Esta semana nos ha dejado Pau Donés, que ha sido parte de la banda sonora de muchos de nosotros. El maldito bicho se ha llevado por delante a no sabemos cuántos. Cada día, alguien se va y, menos mal, alguien llega. O vuelve, que es un poco lo mismo.

De nada sirve ponerse dramático, o sí, porque darnos cuenta de que vagamos por el planeta sobreviviendo, que no viviendo, quizás nos haga reaccionar. Gente, que esto son cuatro días y tres los pasamos quejándonos sobre lugares de los que no nos da la gana movernos. Por pereza, por vértigo, por orgullo. Y, cuando quieres darte cuenta, zasca: a criar malvas.

Cuántos pasan los días haciendo gala del archiconocido “Vivo sin vivir en mí”, y no precisamente por misticismo, sino por desconexión total y absoluta de lo que podrían ser. La rueda de hámster como principio vital. No pienso, no deseo, no hago, no sueño, no me muevo. Una mierda descomunal, la verdad.

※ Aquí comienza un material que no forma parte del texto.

locale cd_resource_cat =
  fixes C :: "('o, 'm) cdcat"
  assumes
    id_hom: "cId C X \<in> hom C X X"
and comp_hom: "\<lbrakk>f \<in> hom C X Y; g \<in> hom C Y Z\<rbrakk> \<Longrightarrow> cComp C g f \<in> hom C X Z"
and comp_assoc: "\<lbrakk>f \<in> hom C X Y; g \<in> hom C Y Z; h \<in> hom C Z W\<rbrakk> \<Longrightarrow>
       cComp C h (cComp C g f) = cComp C (cComp C h g) f"
and id_left: "f \<in> hom C X Y \<Longrightarrow> cComp C (cId C Y) f = f"
and id_right: "f \<in> hom C X Y \<Longrightarrow> cComp C f (cId C X) = f"
and ten_hom: "\<lbrakk>f \<in> hom C X Y; g \<in> hom C X' Y'\<rbrakk> \<Longrightarrow> cTenM C f g \<in> hom C (cTen C X X') (cTen C Y Y')"
and ten_id: "cTenM C (cId C X) (cId C Y) = cId C (cTen C X Y)"
and ten_comp: "\<lbrakk>f \<in> hom C X Y; g \<in> hom C Y Z; f' \<in> hom C X' Y'; g' \<in> hom C Y' Z'\<rbrakk> \<Longrightarrow>
       cTenM C (cComp C g f) (cComp C g' f') = cComp C (cTenM C g g') (cTenM C f f')"
and assoc_hom: "cAssoc C X Y Z \<in> hom C (cTen C (cTen C X Y) Z) (cTen C X (cTen C Y Z))"
and assoc_iso: "iso C (cAssoc C X Y Z)"
and assoc_nat: "\<lbrakk>f \<in> hom C X X'; g \<in> hom C Y Y'; h \<in> hom C Z Z'\<rbrakk> \<Longrightarrow>
       cComp C (cAssoc C X' Y' Z') (cTenM C (cTenM C f g) h)
     = cComp C (cTenM C f (cTenM C g h)) (cAssoc C X Y Z)"
and lunit_hom: "cLunit C X \<in> hom C (cTen C (cUnit C) X) X"
and lunit_iso: "iso C (cLunit C X)"
and lunit_nat: "f \<in> hom C X Y \<Longrightarrow>
       cComp C f (cLunit C X) = cComp C (cLunit C Y) (cTenM C (cId C (cUnit C)) f)"
and runit_hom: "cRunit C X \<in> hom C (cTen C X (cUnit C)) X"
and runit_iso: "iso C (cRunit C X)"
and runit_nat: "f \<in> hom C X Y \<Longrightarrow>
       cComp C f (cRunit C X) = cComp C (cRunit C Y) (cTenM C f (cId C (cUnit C)))"
and sym_hom: "cSym C X Y \<in> hom C (cTen C X Y) (cTen C Y X)"
and sym_nat: "\<lbrakk>f \<in> hom C X X'; g \<in> hom C Y Y'\<rbrakk> \<Longrightarrow>
       cComp C (cSym C X' Y') (cTenM C f g) = cComp C (cTenM C g f) (cSym C X Y)"
and sym_inv: "cComp C (cSym C Y X) (cSym C X Y) = cId C (cTen C X Y)"
and pentagon: "cComp C (cAssoc C W X (cTen C Y Z)) (cAssoc C (cTen C W X) Y Z)
     = cComp C (cTenM C (cId C W) (cAssoc C X Y Z))
         (cComp C (cAssoc C W (cTen C X Y) Z) (cTenM C (cAssoc C W X Y) (cId C Z)))"
and triangle: "cComp C (cTenM C (cId C X) (cLunit C Y)) (cAssoc C X (cUnit C) Y)
     = cTenM C (cRunit C X) (cId C Y)"
and hexagon: "cComp C (cAssoc C Y Z X) (cComp C (cSym C X (cTen C Y Z)) (cAssoc C X Y Z))
     = cComp C (cTenM C (cId C Y) (cSym C X Z))
         (cComp C (cAssoc C Y X Z) (cTenM C (cSym C X Y) (cId C Z)))"
and ev_hom: "cEv C X Y \<in> hom C (cTen C (cIHom C X Y) X) Y"
and closed: "f \<in> hom C (cTen C Z X) Y \<Longrightarrow>
       \<exists>!g. g \<in> hom C Z (cIHom C X Y) \<and> cComp C (cEv C X Y) (cTenM C g (cId C X)) = f"
and pr0_hom: "cPr0 C X Y \<in> hom C (cWith C X Y) X"
and pr1_hom: "cPr1 C X Y \<in> hom C (cWith C X Y) Y"
and product: "\<lbrakk>f \<in> hom C Z X; g \<in> hom C Z Y\<rbrakk> \<Longrightarrow>
       \<exists>!h. h \<in> hom C Z (cWith C X Y) \<and> cComp C (cPr0 C X Y) h = f \<and> cComp C (cPr1 C X Y) h = g"
and terminal: "\<exists>!h. h \<in> hom C Z (cTop C)"
and bang_hom: "f \<in> hom C X Y \<Longrightarrow> cBangM C f \<in> hom C (cBang C X) (cBang C Y)"
and bang_id: "cBangM C (cId C X) = cId C (cBang C X)"
and bang_comp: "\<lbrakk>f \<in> hom C X Y; g \<in> hom C Y Z\<rbrakk> \<Longrightarrow>
       cBangM C (cComp C g f) = cComp C (cBangM C g) (cBangM C f)"
and der_hom: "cDer C X \<in> hom C (cBang C X) X"
and der_nat: "f \<in> hom C X Y \<Longrightarrow> cComp C f (cDer C X) = cComp C (cDer C Y) (cBangM C f)"
and dig_hom: "cDig C X \<in> hom C (cBang C X) (cBang C (cBang C X))"
and dig_nat: "f \<in> hom C X Y \<Longrightarrow>
       cComp C (cBangM C (cBangM C f)) (cDig C X) = cComp C (cDig C Y) (cBangM C f)"
and comonad_1: "cComp C (cDer C (cBang C X)) (cDig C X) = cId C (cBang C X)"
and comonad_2: "cComp C (cBangM C (cDer C X)) (cDig C X) = cId C (cBang C X)"
and comonad_3: "cComp C (cDig C (cBang C X)) (cDig C X) = cComp C (cBangM C (cDig C X)) (cDig C X)"
    \<comment> \<open>Seely isomorphisms (symmetric monoidal structure of ! from (&,T) to (tensor,1),
        compatible with dig)\<close>
and m0_hom: "cM0 C \<in> hom C (cUnit C) (cBang C (cTop C))"
and m0_iso: "iso C (cM0 C)"
and m2_hom: "cM2 C X Y \<in> hom C (cTen C (cBang C X) (cBang C Y)) (cBang C (cWith C X Y))"
and m2_iso: "iso C (cM2 C X Y)"
and m2_nat: "\<lbrakk>f \<in> hom C X X'; g \<in> hom C Y Y'\<rbrakk> \<Longrightarrow>
       cComp C (cM2 C X' Y') (cTenM C (cBangM C f) (cBangM C g))
     = cComp C (cBangM C (withM C f g)) (cM2 C X Y)"
and seely_assoc: "cComp C (cBangM C (pair C
            (cComp C (cPr0 C X Y) (cPr0 C (cWith C X Y) Z))
            (pair C (cComp C (cPr1 C X Y) (cPr0 C (cWith C X Y) Z)) (cPr1 C (cWith C X Y) Z))))
         (cComp C (cM2 C (cWith C X Y) Z) (cTenM C (cM2 C X Y) (cId C (cBang C Z))))
     = cComp C (cM2 C X (cWith C Y Z))
         (cComp C (cTenM C (cId C (cBang C X)) (cM2 C Y Z)) (cAssoc C (cBang C X) (cBang C Y) (cBang C Z)))"
and seely_lunit: "cComp C (cBangM C (cPr1 C (cTop C) X))
         (cComp C (cM2 C (cTop C) X) (cTenM C (cM0 C) (cId C (cBang C X)))) = cLunit C (cBang C X)"
and seely_runit: "cComp C (cBangM C (cPr0 C X (cTop C)))
         (cComp C (cM2 C X (cTop C)) (cTenM C (cId C (cBang C X)) (cM0 C))) = cRunit C (cBang C X)"
and seely_sym: "cComp C (cBangM C (pair C (cPr1 C X Y) (cPr0 C X Y))) (cM2 C X Y)
     = cComp C (cM2 C Y X) (cSym C (cBang C X) (cBang C Y))"
and seely_dig: "cComp C (cBangM C (pair C (cBangM C (cPr0 C X Y)) (cBangM C (cPr1 C X Y))))
         (cComp C (cDig C (cWith C X Y)) (cM2 C X Y))
     = cComp C (cM2 C (cBang C X) (cBang C Y)) (cTenM C (cDig C X) (cDig C Y))"
and zero_hom: "cZero C X Y \<in> hom C X Y"
and zero_comp_left: "f \<in> hom C Y Z \<Longrightarrow> cComp C f (cZero C X Y) = cZero C X Z"
and zero_comp_right: "g \<in> hom C W X \<Longrightarrow> cComp C (cZero C X Y) g = cZero C W Y"
and S_hom: "f \<in> hom C X Y \<Longrightarrow> cSM C f \<in> hom C (cS C X) (cS C Y)"
and S_id: "cSM C (cId C X) = cId C (cS C X)"
and S_comp: "\<lbrakk>f \<in> hom C X Y; g \<in> hom C Y Z\<rbrakk> \<Longrightarrow> cSM C (cComp C g f) = cComp C (cSM C g) (cSM C f)"
and pi0_hom: "cPi0 C X \<in> hom C (cS C X) X"
and pi1_hom: "cPi1 C X \<in> hom C (cS C X) X"
and sigma_hom: "cSigma C X \<in> hom C (cS C X) X"
and pi0_nat: "f \<in> hom C X Y \<Longrightarrow> cComp C f (cPi0 C X) = cComp C (cPi0 C Y) (cSM C f)"
and pi1_nat: "f \<in> hom C X Y \<Longrightarrow> cComp C f (cPi1 C X) = cComp C (cPi1 C Y) (cSM C f)"
and sigma_nat: "f \<in> hom C X Y \<Longrightarrow> cComp C f (cSigma C X) = cComp C (cSigma C Y) (cSM C f)"
and pi_jointly_monic: "\<lbrakk>h \<in> hom C Z (cS C X); h' \<in> hom C Z (cS C X);
       cComp C (cPi0 C X) h = cComp C (cPi0 C X) h'; cComp C (cPi1 C X) h = cComp C (cPi1 C X) h'\<rbrakk>
       \<Longrightarrow> h = h'"
and sum_zero: "f \<in> hom C X Y \<Longrightarrow> summable C f (cZero C X Y) \<and> ssum C f (cZero C X Y) = f"
and sum_comm: "summable C f g \<Longrightarrow> summable C g f \<and> ssum C g f = ssum C f g"
and sum_assoc: "\<lbrakk>summable C f g; summable C (ssum C f g) h\<rbrakk> \<Longrightarrow>
       summable C g h \<and> summable C f (ssum C g h) \<and> ssum C (ssum C f g) h = ssum C f (ssum C g h)"
and sum_comp_right: "\<lbrakk>summable C g0 g1; g0 \<in> hom C Y Z; f \<in> hom C X Y\<rbrakk> \<Longrightarrow>
       summable C (cComp C g0 f) (cComp C g1 f) \<and>
       cComp C (ssum C g0 g1) f = ssum C (cComp C g0 f) (cComp C g1 f)"
and sum_comp_left: "\<lbrakk>summable C g0 g1; g0 \<in> hom C X Y; h \<in> hom C Y Z\<rbrakk> \<Longrightarrow>
       summable C (cComp C h g0) (cComp C h g1) \<and>
       cComp C h (ssum C g0 g1) = ssum C (cComp C h g0) (cComp C h g1)"
and sum_ten_left: "\<lbrakk>summable C f0 f1; cArr C g\<rbrakk> \<Longrightarrow>
       summable C (cTenM C f0 g) (cTenM C f1 g) \<and>
       cTenM C (ssum C f0 f1) g = ssum C (cTenM C f0 g) (cTenM C f1 g)"
and sum_ten_right: "\<lbrakk>summable C f0 f1; cArr C g\<rbrakk> \<Longrightarrow>
       summable C (cTenM C g f0) (cTenM C g f1) \<and>
       cTenM C g (ssum C f0 f1) = ssum C (cTenM C g f0) (cTenM C g f1)"
and zero_ten_left: "g \<in> hom C X' Y' \<Longrightarrow> cTenM C (cZero C X Y) g = cZero C (cTen C X X') (cTen C Y Y')"
and zero_ten_right: "g \<in> hom C X' Y' \<Longrightarrow> cTenM C g (cZero C X Y) = cZero C (cTen C X' X) (cTen C Y' Y)"
    \<comment> \<open>S preserves products strictly\<close>
and S_with: "cS C (cWith C X0 X1) = cWith C (cS C X0) (cS C X1)"
and S_pr0: "cSM C (cPr0 C X0 X1) = cPr0 C (cS C X0) (cS C X1)"
and S_pr1: "cSM C (cPr1 C X0 X1) = cPr1 C (cS C X0) (cS C X1)"
and iota0_hom: "cIota0 C X \<in> hom C X (cS C X)"
and iota0_pi0: "cComp C (cPi0 C X) (cIota0 C X) = cId C X"
and iota0_pi1: "cComp C (cPi1 C X) (cIota0 C X) = cZero C X X"
and flip_hom: "cFlip C X \<in> hom C (cS C (cS C X)) (cS C (cS C X))"
and flip_00: "cComp C (cComp C (cPi0 C X) (cPi0 C (cS C X))) (cFlip C X) = cComp C (cPi0 C X) (cPi0 C (cS C X))"
and flip_01: "cComp C (cComp C (cPi0 C X) (cPi1 C (cS C X))) (cFlip C X) = cComp C (cPi1 C X) (cPi0 C (cS C X))"
and flip_10: "cComp C (cComp C (cPi1 C X) (cPi0 C (cS C X))) (cFlip C X) = cComp C (cPi0 C X) (cPi1 C (cS C X))"
and flip_11: "cComp C (cComp C (cPi1 C X) (cPi1 C (cS C X))) (cFlip C X) = cComp C (cPi1 C X) (cPi1 C (cS C X))"
and tau_hom: "cTau C X \<in> hom C (cS C (cS C X)) (cS C X)"
and tau_pi0: "cComp C (cPi0 C X) (cTau C X) = cComp C (cPi0 C X) (cPi0 C (cS C X))"
and tau_summable: "summable C (cComp C (cPi1 C X) (cPi0 C (cS C X))) (cComp C (cPi0 C X) (cPi1 C (cS C X)))"
and tau_pi1: "cComp C (cPi1 C X) (cTau C X)
     = ssum C (cComp C (cPi1 C X) (cPi0 C (cS C X))) (cComp C (cPi0 C X) (cPi1 C (cS C X)))"
and phi0_hom: "cPhi0 C X0 X1 \<in> hom C (cTen C (cS C X0) X1) (cS C (cTen C X0 X1))"
and phi0_pi0: "cComp C (cPi0 C (cTen C X0 X1)) (cPhi0 C X0 X1) = cTenM C (cPi0 C X0) (cId C X1)"
and phi0_pi1: "cComp C (cPi1 C (cTen C X0 X1)) (cPhi0 C X0 X1) = cTenM C (cPi1 C X0) (cId C X1)"
and phi1_hom: "cPhi1 C X0 X1 \<in> hom C (cTen C X0 (cS C X1)) (cS C (cTen C X0 X1))"
and phi1_pi0: "cComp C (cPi0 C (cTen C X0 X1)) (cPhi1 C X0 X1) = cTenM C (cId C X0) (cPi0 C X1)"
and phi1_pi1: "cComp C (cPi1 C (cTen C X0 X1)) (cPhi1 C X0 X1) = cTenM C (cId C X0) (cPi1 C X1)"
and L_hom: "cL C X0 X1 \<in> hom C (cTen C (cS C X0) (cS C X1)) (cS C (cTen C X0 X1))"
and L_pi0: "cComp C (cPi0 C (cTen C X0 X1)) (cL C X0 X1) = cTenM C (cPi0 C X0) (cPi0 C X1)"
and L_summable: "summable C (cTenM C (cPi1 C X0) (cPi0 C X1)) (cTenM C (cPi0 C X0) (cPi1 C X1))"
and L_pi1: "cComp C (cPi1 C (cTen C X0 X1)) (cL C X0 X1)
     = ssum C (cTenM C (cPi1 C X0) (cPi0 C X1)) (cTenM C (cPi0 C X0) (cPi1 C X1))"
and diff_hom: "cDiff C X \<in> hom C (cBang C (cS C X)) (cS C (cBang C X))"
and diff_nat: "f \<in> hom C X Y \<Longrightarrow>
       cComp C (cSM C (cBangM C f)) (cDiff C X) = cComp C (cDiff C Y) (cBangM C (cSM C f))"
and diff_pi0: "cComp C (cPi0 C (cBang C X)) (cDiff C X) = cBangM C (cPi0 C X)"
and diff_iota0: "cComp C (cDiff C X) (cBangM C (cIota0 C X)) = cIota0 C (cBang C X)"
and diff_tau: "cComp C (cTau C (cBang C X)) (cComp C (cSM C (cDiff C X)) (cDiff C (cS C X)))
     = cComp C (cDiff C X) (cBangM C (cTau C X))"
and diff_der: "cComp C (cSM C (cDer C X)) (cDiff C X) = cDer C (cS C X)"
and diff_dig: "cComp C (cSM C (cDig C X)) (cDiff C X)
     = cComp C (cDiff C (cBang C X)) (cComp C (cBangM C (cDiff C X)) (cDig C (cS C X)))"
and diff_m0: "cComp C (cSM C (inv C (cM0 C))) (cDiff C (cTop C))
     = cComp C (cIota0 C (cUnit C)) (cComp C (inv C (cM0 C)) (cBangM C (cZero C (cS C (cTop C)) (cTop C))))"
and diff_m2: "cComp C (cSM C (inv C (cM2 C X0 X1))) (cDiff C (cWith C X0 X1))
     = cComp C (cL C (cBang C X0) (cBang C X1))
         (cComp C (cTenM C (cDiff C X0) (cDiff C X1)) (inv C (cM2 C (cS C X0) (cS C X1))))"
and diff_flip: "cComp C (cFlip C (cBang C X)) (cComp C (cSM C (cDiff C X)) (cDiff C (cS C X)))
     = cComp C (cComp C (cSM C (cDiff C X)) (cDiff C (cS C X))) (cBangM C (cFlip C X))"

La humanidad no fue creada para recorrer un camino establecido sin mirar a los lados, creo yo. Esta cosa maravillosa que somos todos inventa canciones, provoca risas interminables, ama bien y mucho. El potencial está ahí, esperando a que dejemos de fijarnos en lo que hay alrededor como idiotas, envidiando, imitando, corriendo tras otros que a su vez persiguen a alguien que no quiere ser alcanzado. Aplastados por miedos que otros se imaginaron hace tres siglos. Ojito con las creencias que nos vuelven sordos, ciegos y atontaos.

Pau, como tantos, nos dijo que vivir era urgente. Y lo es, porque urgente es lo que tiene fecha límite y desconocida. Y vivir es bailar La Flaca como si no hubiera un mañana, porque no sabemos si lo habrá, aunque nos gustaría. Es bañarte desnudo en el mar sin importante que alguien te vea porque ese alguien, en realidad, no es nadie. Eres tú y tus puñeteros prejuicios. Ya lo dicen en mi México querido: si te choca, te checa. No ofende quien quiere, ya sabes.

Estar vivo es un privilegio, probablemente el único real porque es el que te permite zamparte todos los demás. Es nuestro derecho y nuestro deber aprovecharlo, por los que ya no están y por los que nos demostraron que esta naranja puede ser exprimida hasta el infinito, a todo lo que da.

La pandemia nos ha enseñado unas cuantas cosas: que no hace falta desperdiciar una hora de ida y otra de vuelta para llegar a una oficina en la que vas a hacer lo mismo que en tu preciosa casa; que los amigos están, aunque sea al otro lado de la pantalla; que somos capaces de adaptarnos a las condiciones más surrealistas y, sobre todo, que el concepto de seguridad que nos han enseñado es, por un lado, un asco supino y, por otro, una mentira como un piano. Lo seguro es que hoy estamos y que algún día no estaremos, y que lo que pase en medio debería ser la hostia, algo descomunal, inmejorable, supercalifragilístico.

Lo suyo sería acabar los días con un “Joder, qué bien” y tirarte en la cama convencido de que no podías haber hecho más para aferrarte a tus deseos, ya sea escribir un libro, tomar el sol, encontrar la cura del bicho maldito o comerte a besos a tus hijos. O todo. O nada. Pero que sea tuyo, que no sea de otros. Que lo otros se ocupen de los suyo, que bastante tienen. Plantarnos en la consciencia, en esa sabiduría que se esconde en las tripas, en la voluntad de aplaudirnos a cada momento porque lo hemos hecho bien o, al menos, lo mejor que sabíamos, que ya es mucho.

Vivir, que no sobrevivir. Dar las gracias por estar donde quieres estar: en ti.